In Vermont, the development of the Catamount Health Plan was largely driven by “the growing insecurity of health care consumers,” said James Leddy, a former state legislator and a consultant on health care reform. He said Americans perceive their health care as “a kind of lottery, or social Darwinism,” where only the lucky, the healthy and the wealthy survive.
In addition to providing health care coverage to Vermonters who don’t have insurance at their workplace, the state has also focused on improving the management of chronic conditions such as diabetes, heart disease and asthma. Individuals who participate in these disease management plans don’t have to pay co-payments, deductibles or other out-of-pocket costs. The state has also instituted a tax of two-tenths of 1 percent on medical bills to create a fund that helps small medical practices pay for electronic technologies, such as electronic medical records, that improve patient care.
Also speaking at the meeting were health insurance industry researchers and actuaries, physicians, health care administrators, public health experts, consumer advocates and others whose professions bear directly on the health care system. All agreed the nation’s health care system is in crisis, and while states may lately have served as the “laboratories” for innovation and improvement, they said it is time for federal leadership.
The forum was attended by about 130 nonparticipating audience members, including about a dozen state lawmakers, several state health officials, insurance industry representatives, and many members of private health policy and advocacy organizations.
It was the third of four such meetings planned by the Bipartisan Policy Center, the Washington, D.C. think tank and advocacy organization founded in 2007 by Democrat Mitchell and three other former majority leaders: Democrat Tom Daschle of South Dakota and Republicans Howard Baker of Tennessee and Bob Dole of Kansas. The first meeting took place in Washington in April. The second was held in Kansas last month. The leaders will hold one more regional meeting, either in Washington or in Tennessee, before drafting their report for the new president and incoming Congress.
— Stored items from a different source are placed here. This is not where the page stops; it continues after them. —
(* Let $\Omega\in\mathscr A$ be a $1$-admissible set with $\mathfrak m(\Omega)\in(0,+\infty)$ and $\mathscr C_1(\Omega)\neq\emptyset$. If (P.4) and (P.5) hold, then there exist $1$-Cheeger sets of $\Omega$ of maximal $\mathfrak m$-measure among all $1$-Cheeger sets of $\Omega$. If moreover (P.3) holds, then there is a unique (up to $\mathfrak m$-negligible sets) $1$-Cheeger set $E^+$ of maximal measure, and $E\subset E^+$ (i.e. $\mathfrak m(E\setminus E^+)=0$) for every $E\in\mathscr C_1(\Omega)$.
   Context: $(X,\mathscr A,\mathfrak m)$ is a non-negative $\sigma$-finite measure space; for $A,B\in\mathscr A$, "$A\subset B$" means $\mathfrak m(A\setminus B)=0$. $P\colon\mathscr A\to[0,+\infty]$ is a proper functional. (P.3): $P(E\cap F)+P(E\cup F)\le P(E)+P(F)$. (P.4): if $\chi_{E_k}\to\chi_E$ in $L^1(X,\mathfrak m)$ then $P(E)\le\liminf_k P(E_k)$. (P.5): for every $c\ge0$, $\{\chi_E:E\in\mathscr A,\ P(E)\le c\}$ is compact in $L^1(X,\mathfrak m)$. $\Omega$ is $1$-admissible if it contains some $E$ with $0<\mathfrak m(E)<+\infty$, $P(E)<+\infty$; $h_1(\Omega)=\inf\{P(E)/\mathfrak m(E): E\subset\Omega,\ 0<\mathfrak m(E)<+\infty,\ P(E)<+\infty\}$; minimizers are $1$-Cheeger sets, forming $\mathscr C_1(\Omega)$. *)

theory Defs
  imports "HOL-Analysis.Analysis"
begin

definition proper_functional :: "'a measure \<Rightarrow> ('a set \<Rightarrow> ennreal) \<Rightarrow> bool" where
  "proper_functional M P \<longleftrightarrow> (\<exists>E\<in>sets M. P E < \<infinity>)"

definition chi_L1_conv :: "'a measure \<Rightarrow> (nat \<Rightarrow> 'a set) \<Rightarrow> 'a set \<Rightarrow> bool" where
  "chi_L1_conv M Es E \<longleftrightarrow>
     (\<lambda>k. \<integral>\<^sup>+ x. ennreal \<bar>indicator (Es k) x - indicator E x :: real\<bar> \<partial>M) \<longlonglongrightarrow> 0"

definition P3 :: "'a measure \<Rightarrow> ('a set \<Rightarrow> ennreal) \<Rightarrow> bool" where
  "P3 M P \<longleftrightarrow> (\<forall>E\<in>sets M. \<forall>F\<in>sets M. P (E \<inter> F) + P (E \<union> F) \<le> P E + P F)"

definition P4 :: "'a measure \<Rightarrow> ('a set \<Rightarrow> ennreal) \<Rightarrow> bool" where
  "P4 M P \<longleftrightarrow> (\<forall>Es E. (\<forall>k. Es k \<in> sets M) \<longrightarrow> E \<in> sets M \<longrightarrow> chi_L1_conv M Es E
      \<longrightarrow> P E \<le> liminf (\<lambda>k. P (Es k)))"

definition P5 :: "'a measure \<Rightarrow> ('a set \<Rightarrow> ennreal) \<Rightarrow> bool" where
  "P5 M P \<longleftrightarrow> (\<forall>c::real. c \<ge> 0 \<longrightarrow> (\<forall>Es. (\<forall>k. Es k \<in> sets M \<and> P (Es k) \<le> ennreal c) \<longrightarrow>
      (\<exists>(r::nat \<Rightarrow> nat) E. strict_mono r \<and> E \<in> sets M \<and> P E \<le> ennreal c \<and> chi_L1_conv M (Es \<circ> r) E)))"

definition competitors :: "'a measure \<Rightarrow> ('a set \<Rightarrow> ennreal) \<Rightarrow> 'a set \<Rightarrow> 'a set set" where
  "competitors M P \<Omega> = {E \<in> sets M. emeasure M (E - \<Omega>) = 0 \<and> 0 < emeasure M E \<and>
      emeasure M E < \<infinity> \<and> P E < \<infinity>}"

definition one_admissible :: "'a measure \<Rightarrow> ('a set \<Rightarrow> ennreal) \<Rightarrow> 'a set \<Rightarrow> bool" where
  "one_admissible M P \<Omega> \<longleftrightarrow> (\<exists>E\<in>sets M. emeasure M (E - \<Omega>) = 0 \<and> 0 < emeasure M E \<and> emeasure M E < \<infinity> \<and> P E < \<infinity>)"

definition h1 :: "'a measure \<Rightarrow> ('a set \<Rightarrow> ennreal) \<Rightarrow> 'a set \<Rightarrow> ennreal" where
  "h1 M P \<Omega> = (INF E\<in>competitors M P \<Omega>. P E / emeasure M E)"

definition cheeger1 :: "'a measure \<Rightarrow> ('a set \<Rightarrow> ennreal) \<Rightarrow> 'a set \<Rightarrow> 'a set set" where
  "cheeger1 M P \<Omega> = {E \<in> competitors M P \<Omega>. P E / emeasure M E = h1 M P \<Omega>}"

end

theory Submission
  imports Defs
begin

text \<open>
  On a Cheeger set the quotient P(E)/m(E) equals h, so P(E) = h m(E) and the perimeter of
  Cheeger sets is controlled by their measure, which is bounded by m(\<Omega>). A maximising sequence
  for the measure therefore has bounded perimeter; (P.5) extracts an L1-limit, which has the limit
  measure and, by (P.4), perimeter at most h times it, hence is a Cheeger set of maximal measure.
  Under (P.3) the union of two Cheeger sets is again a Cheeger set: submodularity of P together with
  additivity of m forces E \<union> F to realise h as well. Applied to a Cheeger set of maximal
  measure this gives the inclusion of every Cheeger set into it, and hence uniqueness.
\<close>

lemma cheeger1_perimeter_eq:
  assumes "E \<in> cheeger1 M P \<Omega>"
  shows "P E = h1 M P \<Omega> * emeasure M E"
proof -
  from assms have E: "E \<in> competitors M P \<Omega>" and h: "P E / emeasure M E = h1 M P \<Omega>"
    by (auto simp: cheeger1_def)
  from E have "emeasure M E \<noteq> 0" "emeasure M E < \<infinity>" by (auto simp: competitors_def)
  then have "P E = P E / emeasure M E * emeasure M E" by (simp add: ennreal_divide_times)
  with h show ?thesis by simp
qed

lemma h1_mult_le_perimeter:
  assumes "E \<in> sets M" "emeasure M (E - \<Omega>) = 0" "emeasure M E < \<infinity>" "P E < \<infinity>"
  shows "h1 M P \<Omega> * emeasure M E \<le> P E"
proof (cases "emeasure M E = 0")
  case False
  then have "E \<in> competitors M P \<Omega>" using assms by (simp add: competitors_def zero_less_iff_neq_zero)
  then have "h1 M P \<Omega> \<le> P E / emeasure M E" unfolding h1_def by (rule INF_lower)
  then have "h1 M P \<Omega> * emeasure M E \<le> P E / emeasure M E * emeasure M E"
    by (rule mult_right_mono) simp
  with False assms(3) show ?thesis by (simp add: ennreal_divide_times)
qed simp

lemma cheeger1_if_perimeter_le:
  assumes "E \<in> competitors M P \<Omega>" "P E \<le> h1 M P \<Omega> * emeasure M E"
  shows "E \<in> cheeger1 M P \<Omega>"
proof -
  have lower: "h1 M P \<Omega> \<le> P E / emeasure M E" unfolding h1_def using assms by (intro INF_lower)
  from assms have "emeasure M E \<noteq> 0" "emeasure M E \<noteq> \<infinity>" by (auto simp: competitors_def)
  moreover have "P E / emeasure M E \<le> h1 M P \<Omega> * emeasure M E / emeasure M E"
    using assms(2) by (rule divide_right_mono_ennreal)
  ultimately have "P E / emeasure M E \<le> h1 M P \<Omega>" by (simp add: ennreal_mult_divide_eq)
  with lower assms show ?thesis by (auto simp: cheeger1_def)
qed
The group has already hammered out bipartisan recommendations on a number of divisive issues, including energy, transportation and national security.
“We are determined to demonstrate that it is possible to achieve bipartisan solutions to many of the major problems facing this country,” Mitchell said in his opening remarks.
During a 10-minute lunch break, Mitchell said he feels optimistic that the new administration and incoming Congress will take on the formidable task of reforming health care even while other worries, such as energy concerns and the shaky economy, plague the nation.
“There is clear consensus that health care reform is needed,” he said.
Noting that the health care sector makes up 16 percent of the nation’s gross domestic product, he said, “You can’t talk about the economy without discussing health care.”
But Mitchell acknowledged that entrenched special interest groups and deeply felt differences in political philosophy make the issue an especially divisive one. Even among the four members of the Bipartisan Policy Center, he said, it will be a challenge to arrive at a common set of recommendations.
“But we’ve got to try and reach agreement,” he said.
Mitchell said both presidential candidates and several key members of Congress have expressed interest in the work being done by the policy center.